Да, были и небрежные похвалы, и сомнения критиков и товарищей по цеху, но у меня это стихотворение вызывает желание сказать о том, как этот негромкий голос внятен и как прекрасны необщее выраженье этого лица и спокойная простота этой речи. Как незаменимо, единственно здесь каждое слово, как единственно то место, на котором оно поставлено. Ни убавить, ни прибавить. В этом совершенстве, точности великолепие этого стихотворения. Не обязательно кричать, чтобы тебя услышали. Напротив, того, кто говорит тихо, слушают внимательнее. Здесь на самом деле нет ни смирения, ни самоуничижения, но, при всех, казалось бы, скромных самооценках, есть огромное чувство собственного достоинства: поэт знает себе цену, и мы, прочтя это стихотворение, эту цену понимаем, разделяем – по самому высокому счету.
Поражает абсолютно современный словарь поэта в этом стихотворении, если бы оно не было так известно, определить время его написания было бы непросто.
Обратите внимание (и это очень любопытно): в первой части стихотворения полностью отсутствуют эпитеты, поэт как бы подчеркивает этим негромкость своего голоса. Но во второй части, где звучит надежда на признание, поэт щедро насыщает текст эпитетами, да какими! Изысканным убором, блестящим разговором, необщим выраженьем, спокойной простотой, едким осужденьем, небрежной похвалой. Каждый эпитет точен, ярок, небанален. Пусть те, кто будет оценивать, посмотрят, как владеет словом поэт. По существу, здесь дан настоящий анализ творчества, сказано о поэте всё или почти всё.

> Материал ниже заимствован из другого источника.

(* (Single-Iteration Progress.) For every expression $e$ and type $\tau$ with $\varnothing\vdash e:\tau$, either $e$ is a value, or there exist an expression $e_i$, an evaluation context $\mathcal{E}$, an expression $e_0$, an action $a'$, an expression $e_0'$ and an expression $e'$ such that $e\to_{\$e,\mathsf{step},\mathsf{one},0} e_i$, $e_i=\mathcal{E}[e_0]$ is a decomposition, $(\mathsf{step},0)\vdash\mathcal{E}\Downarrow a'$, $e_0\to e_0'$, and $e'=({\downarrow}\mathcal{E})[e_0']$.
   Context: This concerns the "filtered stepper calculus". Syntax: actions $a ::= \mathsf{skip} \mid \mathsf{step}$; gas $g ::= \mathsf{one} \mid \mathsf{all}$; priorities $l \in \mathbb{N}$. Patterns $p ::= x \mid p(p) \mid \lambda x.p \mid p+p \mid \underline{n} \mid \$e \mid \$v$ (the pattern typing rules also admit $\mathrm{fix}\,x.p$). A filter is a triple $f=(p,a,g)$. Expressions $e ::= x \mid e(e) \mid \lambda x.e \mid \mathrm{fix}\,x.e \mid e+e \mid \underline{n} \mid \mathrm{filter}_f(e) \mid \langle e\rangle^{a,g,l}$ (the last is called a residue), taken up to $\alpha$-equivalence; $\underline{n}$ ranges over numerals. Evaluation contexts $\mathcal{E} ::= \circ \mid \mathcal{E}(e) \mid e(\mathcal{E}) \mid \mathcal{E}+e \mid e+\mathcal{E} \mid \mathrm{filter}_f(\mathcal{E}) \mid \langle \mathcal{E}\rangle^{a,g,l}$, with exactly one hole; $\mathcal{E}[e]$ is the result of plugging $e$ into the hole. The values are exactly $\lambda x.e$ and numerals $\underline{n}$ (fixpoints, filters and residues are never values). Substitution $[v/x]e$ is standard capture-avoiding substitution, which passes through residues unchanged, through filters (substituting also into the filter's pattern), and stops at binders $\lambda x$ and $\mathrm{fix}\,x$ of the same variable. Stripping $|e|$ erases all filter and residue wrappers recursively. Matching $p \triangleright e$ is defined inductively: $\$e \triangleright e$ for all $e$; $\$v \triangleright v$ for every value $v$; $\underline{n}\triangleright\underline{n}$; $\lambda x_1.e_1 \triangleright \lambda x_2.e_2$ if $|e_1| \equiv_\alpha |e_2|$; $\mathrm{fix}\,x_1.e_1 \triangleright \mathrm{fix}\,x_2.e_2$ if $|e_1|\equiv_\alpha |e_2|$; $p_1(p_2)\triangleright e_1(e_2)$ if $p_1\triangleright e_1$ and $p_2\triangleright e_2$; $p_1+p_2\triangleright e_1+e_2$ likewise; there are no other rules. Instrumentation $e \to_{p,a,g,l} e'$ is the inductively defined relation: values and variables and $\mathrm{fix}\,x.e$ are left unchanged; $\langle e_0\rangle^{a',g',l'} \to_{p,a,g,l} \langle e\rangle^{a',g',l'}$ if $e_0\to_{p,a,g,l} e$; $\mathrm{filter}_{(p',a',g')}(e_0)\to_{p,a,g,l}\mathrm{filter}_{(p',a',g')}(e')$ if $e_0\to_{p,a,g,l} e$ and $e \to_{p',a',g',l+1} e'$; for $e_1(e_2)$, if $e_1\to_{p,a,g,l} e_1'$ and $e_2\to_{p,a,g,l} e_2'$ then $e_1(e_2)\to_{p,a,g,l}\langle e_1'(e_2')\rangle^{a,g,l}$ when $p\triangleright e_1(e_2)$ and $e_1(e_2)\to_{p,a,g,l} e_1'(e_2')$ when not; identically for $e_1+e_2$. Decomposition $e = \mathcal{E}[e_0]$ (with $e_0$ a redex) is the non-deterministic relation: $\langle v\rangle^{a,g,l}$ and $\mathrm{filter}_f(v)$ with $v$ a value decompose as hole $\circ$ with redex themselves; if $e$ decomposes as $\mathcal{E}$ and $e_0$ then $\langle e\rangle^{a,g,l}$ decomposes as $\langle\mathcal{E}\rangle^{a,g,l}$ and $e_0$, and $\mathrm{filter}_f(e)$ as $\mathrm{filter}_f(\mathcal{E})$ and $e_0$; $e_1(e_2)$ decomposes as $\mathcal{E}_1(e_2)$ if $e_1$ decomposes as $\mathcal{E}_1$, as $e_1(\mathcal{E}_2)$ if $e_1$ is a value and $e_2$ decomposes as $\mathcal{E}_2$, and as $\circ$ with redex $e_1(e_2)$ if both are values; identically for $e_1+e_2$; $\mathrm{fix}\,x.e$ decomposes as $\circ$ with redex itself. Instruction transitions $e_0 \to e'$: $(\lambda x.e_1)(v)\to [v/x]e_1$ for a value $v$; $\underline{n_1}+\underline{n_2}\to\underline{n_1+n_2}$; $\mathrm{fix}\,x.e\to[\mathrm{fix}\,x.e/x]e$; $\langle v\rangle^{a,g,l}\to v$ and $\mathrm{filter}_f(v)\to v$ for a value $v$. Decay ${\downarrow}\mathcal{E}$ recursively removes every residue with gas $\mathsf{one}$ (replacing $\langle e\rangle^{a,\mathsf{one},l}$ by the decay of $e$), keeps residues with gas $\mathsf{all}$ and filters, applies recursively to all subterms, and maps the hole to the hole. Action selection $(a,l)\vdash\mathcal{E}\Downarrow a'$: $(a,l)\vdash\circ\Downarrow a$; for context nodes of the form application, addition or filter, the judgment passes unchanged into the subcontext containing the hole; $(a_0,l_0)\vdash\langle\mathcal{E}\rangle^{a,g,l}\Downarrow a'$ holds if either $l\le l_0$ and $(a_0,l_0)\vdash\mathcal{E}\Downarrow a'$, or $l>l_0$ and $(a,l)\vdash\mathcal{E}\Downarrow a'$. Typing: types $\tau ::= \mathbb{N}\mid \tau\to\tau$. $\Gamma\vdash e:\tau$ is given by the usual Curry-style simply-typed rules: variables from $\Gamma$; $\lambda x.e : \tau_x\to\tau_e$ if $\Gamma,x{:}\tau_x\vdash e:\tau_e$; application; numerals have type $\mathbb{N}$; $e_1+e_2:\mathbb{N}$ if both summands have type $\mathbb{N}$; $\mathrm{fix}\,x.e:\tau$ if $\Gamma,x{:}\tau\vdash e:\tau$; $\mathrm{filter}_{(p,a,g)}(e):\tau_e$ if $\Gamma\vdash p:\tau_p$ for some $\tau_p$ and $\Gamma\vdash e:\tau_e$; $\langle e\rangle^{a,g,l}:\tau$ if $\Gamma\vdash e:\tau$. Pattern typing $\Gamma\vdash p:\tau$: $\$e$ and $\$v$ have every type; variables, $\lambda$, application, numerals, addition and $\mathrm{fix}$ are typed by the analogous rules. $\varnothing$ is the empty context. *)

theory Defs
  imports Main
begin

Но ведь в поэзии должно быть и эмоциональное напряжение, оно должно взволновать, вызвать душевный отклик у читателя, не так ли? Снова скажу: для этого не обязателен пафос, крик, здесь эмоциональное напряжение очень сильно, но поэт держит его внутри себя, и это дает ощущение подлинности чувства, в котором сомнение, смущение сменяются надеждой на справедливую оценку. Лица необщее выраженье – это ведь, пожалуй, одно из главных качеств настоящего поэта, индивидуальность его почерка, его характера, его выразительных средств делает поэта настоящим, а то и большим.
Стихотворение запоминается с первого чтения, это маленький шедевр.

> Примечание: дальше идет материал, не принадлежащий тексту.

lemma L_smooth_upper_bound:
  fixes g :: "'a::euclidean_space \<Rightarrow> real"
  assumes "L_smooth g L"
  shows "g y \<le> g x + grad g x \<bullet> (y - x) + L / 2 * (norm (y - x))\<^sup>2"
proof -
  define d where "d = y - x"
  define \<phi> where "\<phi> s = g (x + s *\<^sub>R d) - s * (grad g x \<bullet> d) - L / 2 * s\<^sup>2 * (norm d)\<^sup>2" for s
  have deriv: "(\<phi> has_real_derivative
      (grad g (x + s *\<^sub>R d) - grad g x) \<bullet> d - L * s * (norm d)\<^sup>2) (at s)" for s
  proof -
    have outer: "(g has_derivative (\<lambda>h. grad g (x + s *\<^sub>R d) \<bullet> h)) (at (x + s *\<^sub>R d))"
      using assms by (simp add: L_smooth_def has_derivative_grad)
    have inner: "((\<lambda>s. x + s *\<^sub>R d) has_derivative (\<lambda>t. t *\<^sub>R d)) (at s)"
      by (auto intro!: derivative_eq_intros)
    have "((\<lambda>s. g (x + s *\<^sub>R d)) has_derivative (\<lambda>t. grad g (x + s *\<^sub>R d) \<bullet> (t *\<^sub>R d))) (at s)"
      using diff_chain_at[OF inner outer] by (simp add: o_def)
    then have "((\<lambda>s. g (x + s *\<^sub>R d)) has_real_derivative grad g (x + s *\<^sub>R d) \<bullet> d) (at s)"
      by (simp add: has_field_derivative_def mult.commute[of _ "grad g (x + s *\<^sub>R d) \<bullet> d"])
    then show ?thesis
      unfolding \<phi>_def by (auto intro!: derivative_eq_intros simp: inner_diff_left)
  qed
  have nonpos: "(grad g (x + s *\<^sub>R d) - grad g x) \<bullet> d - L * s * (norm d)\<^sup>2 \<le> 0"
    if "0 \<le> s" for s
  proof -
    have "(grad g (x + s *\<^sub>R d) - grad g x) \<bullet> d \<le> norm (grad g (x + s *\<^sub>R d) - grad g x) * norm d"
      by (rule norm_cauchy_schwarz)
    also have "\<dots> \<le> L * norm (s *\<^sub>R d) * norm d"
      using assms unfolding L_smooth_def
      by (intro mult_right_mono) (metis add_diff_cancel_left' norm_ge_zero)+
    also have "\<dots> = L * s * (norm d)\<^sup>2"
      using that by (simp add: power2_eq_square)
    finally show ?thesis by simp
  qed
  have "\<phi> 1 \<le> \<phi> 0"
  proof (rule DERIV_nonpos_imp_nonincreasing[of 0 1 \<phi>])
    fix s :: real assume "0 \<le> s"
    then show "\<exists>y. (\<phi> has_real_derivative y) (at s) \<and> y \<le> 0"
      using deriv[of s] nonpos[of s] by blast
  qed simp
  then show ?thesis by (simp add: \<phi>_def d_def)
qed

А вот подлинно большой шедевр, пожалуй, на уровне самых лучших стихотворений Лермонтова. Почему именно Лермонтова? У этих двух поэтов, на мой взгляд, много общего: богатый, но скрытый внутренний мир, мотивы разочарования, скепсиса, тоски, драматизма, в их творчестве нет места той лучезарности, солнечности, которая характерна для Пушкина.

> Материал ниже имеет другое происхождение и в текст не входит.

lemma interp_at_nodes:
  assumes "1 \<le> k" "k \<le> N"
  shows "interp (real k / real N) = a k"
proof (cases "k = N")
  case True
  have "real k / real N \<in> grid_cell (N - 1)"
    using N True by (simp add: field_simps)
  then show ?thesis
    using interp_eq_piece(1)[of "N - 1"] piece_at_nodes(2)[of "N - 1"] True N by simp
next
  case False
  then show ?thesis
    using assms interp_eq_piece(1)[of k] piece_at_nodes(1)[of k] N by (simp add: field_simps)
qed

lemma slope_at_left_node_ge:
  assumes "1 \<le> n" "n + 1 \<le> N"
  shows "1 / (2 * C) \<le> slope n - node_curv n / (2 * real N)"
proof (cases "n = 1")
  case True
  have "1 / C / (2 * real N) \<le> 1 / C / 2"
    using C N by (intro divide_left_mono) auto
  then show ?thesis
    using True slope_bounds[OF assms] by (simp add: node_curv_def)
next
  case False
  then have "slope n - node_curv n / (2 * real N) = (slope n + slope (n - 1)) / 2"
    using assms N by (simp add: node_curv_def field_simps)
  moreover have "1 / C \<le> slope n" "1 / C \<le> slope (n - 1)"
    using assms False slope_bounds[of n] slope_bounds[of "n - 1"] by auto
  moreover have "0 < C"
    using C by simp
  ultimately show ?thesis
    by (simp add: field_simps)
qed

lemma interp_bounds:
  assumes "x \<in> {1 / real N..1}"
  shows "1 / interp_bound C \<le> interp' x" "interp' x \<le> interp_bound C"
    and "1 / interp_bound C \<le> interp'' x" "interp'' x \<le> interp_bound C"
proof -
  define n where "n = cell_index x"
  have n: "1 \<le> n" "n + 1 \<le> N" and t: "0 \<le> local_coord n x" "local_coord n x \<le> 1"
    using cell_index_bounds[OF assms] N unfolding n_def by (auto simp: field_simps)
  have K: "1 / interp_bound C \<le> 1 / (2 * C)" "2 * C \<le> interp_bound C"
    using C interp_bound_ge[of C] by (auto intro: divide_left_mono)
  note prof = profile_bounds[OF t, of n]
  show "1 / interp_bound C \<le> interp'' x" "interp'' x \<le> interp_bound C"
    using K prof(1,2) unfolding interp''_def piece''_def n_def[symmetric] by auto
  have "- node_curv n / 2 / real N \<le> profile_G n (local_coord n x) / real N"
    using prof(3) N by (intro divide_right_mono) auto
  then have "1 / (2 * C) \<le> interp' x"
    using slope_at_left_node_ge[OF n] unfolding interp'_def piece'_def n_def[symmetric] by simp
  then show "1 / interp_bound C \<le> interp' x"
    using K(1) by linarith
  have "profile_G n (local_coord n x) / real N \<le> C / 2 / real N"
    using prof(4) node_curv_bounds(2)[of "n+1"] N by (intro divide_right_mono) auto
  also have "\<dots> \<le> C"
    using C N by (simp add: field_simps)
  finally show "interp' x \<le> interp_bound C"
    using slope_bounds(2)[OF n] K(2) unfolding interp'_def piece'_def n_def[symmetric] by linarith
qed

lemma C2_interpolant:
  "\<exists>f f' f'' :: real \<Rightarrow> real.
     (\<forall>x\<in>{1 / real N..1}.
        (f has_real_derivative f' x) (at x within {1 / real N..1}) \<and>
        (f' has_real_derivative f'' x) (at x within {1 / real N..1})) \<and>
     continuous_on {1 / real N..1} f'' \<and>
     (\<forall>n. 1 \<le> n \<and> n \<le> N \<longrightarrow> f (real n / real N) = a n) \<and>
     (\<forall>x\<in>{1 / real N..1}.
        1 / interp_bound C \<le> f' x \<and> f' x \<le> interp_bound C \<and>
        1 / interp_bound C \<le> f'' x \<and> f'' x \<le> interp_bound C)"
  using has_real_derivative_interp continuous_on_interp'' interp_at_nodes interp_bounds by blast

end

theorem corollary1:
  fixes C :: real
  assumes "C \<ge> 4"
  shows "\<exists>K::real. K \<ge> 1 \<and>
    (\<forall>(N::nat) (a::nat \<Rightarrow> real). N \<ge> 3 \<and> unif_convex C N a \<longrightarrow>
      (\<exists>f f' f'' :: real \<Rightarrow> real.
         (\<forall>x\<in>{1 / real N..1}.
            (f has_real_derivative f' x) (at x within {1 / real N..1}) \<and>
            (f' has_real_derivative f'' x) (at x within {1 / real N..1})) \<and>
         continuous_on {1 / real N..1} f'' \<and>
         (\<forall>n. 1 \<le> n \<and> n \<le> N \<longrightarrow> f (real n / real N) = a n) \<and>
         (\<forall>x\<in>{1 / real N..1}.
            1 / K \<le> f' x \<and> f' x \<le> K \<and> 1 / K \<le> f'' x \<and> f'' x \<le> K)))"
  using assms
  by (intro exI[of _ "interp_bound C"] conjI allI impI interp_bound_ge(2) C2_interpolant) auto

end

Давайте вспомним это стихотворение, одну из вершин в творчестве Баратынского.
ПРИЗНАНИЕ
Притворной нежности не требуй от меня:
Я сердца моего не скрою хлад печальный.
Ты пр;ва, в нем уж нет прекрасного огня
Моей любви первоначальной.
Напрасно я себе на память приводил
И милый образ твой и прежние мечтанья:
Безжизненны мои воспоминанья,
Я клятвы дал, но дал их выше сил.
Я не пленен красавицей другою,
Мечты ревнивые от сердца удали;
Но годы долгие в разлуке протекли,
Но в бурях жизненных развлекся я душою.
Уж ты жила неверной тенью в ней;
Уже к тебе взывал я редко, принужденно,
И пламень мой, слабея постепенно,
Собою сам погас в душе моей.
Верь, жалок я один. Душа любви желает,
Но я любить не буду вновь;
Вновь не забудусь я: вполне упоевает
Нас только первая любовь.
Грущу я; но и грусть минует, знаменуя
Судьбины полную победу надо мной;
Кто знает? мнением сольюся я с толпой;
Подругу, без любви – кто знает? – изберу я.
На брак обдуманный я руку ей подам
И в храме стану рядом с нею,
Невинной, преданной, быть может, лучшим снам,
И назову ее моею;
И весть к тебе придет, но не завидуй нам:
Обмена тайных дум не будет между нами,
Душевным прихотям мы воли не дадим:
Мы не сердца под брачными венцами,
Мы жребии свои соединим.
Прощай! Мы долго шли дорогою одною;
Путь новый я избрал, путь новый избери;
Печаль бесплодную рассудком усмири
И не вступай, молю, в напрасный суд со мною.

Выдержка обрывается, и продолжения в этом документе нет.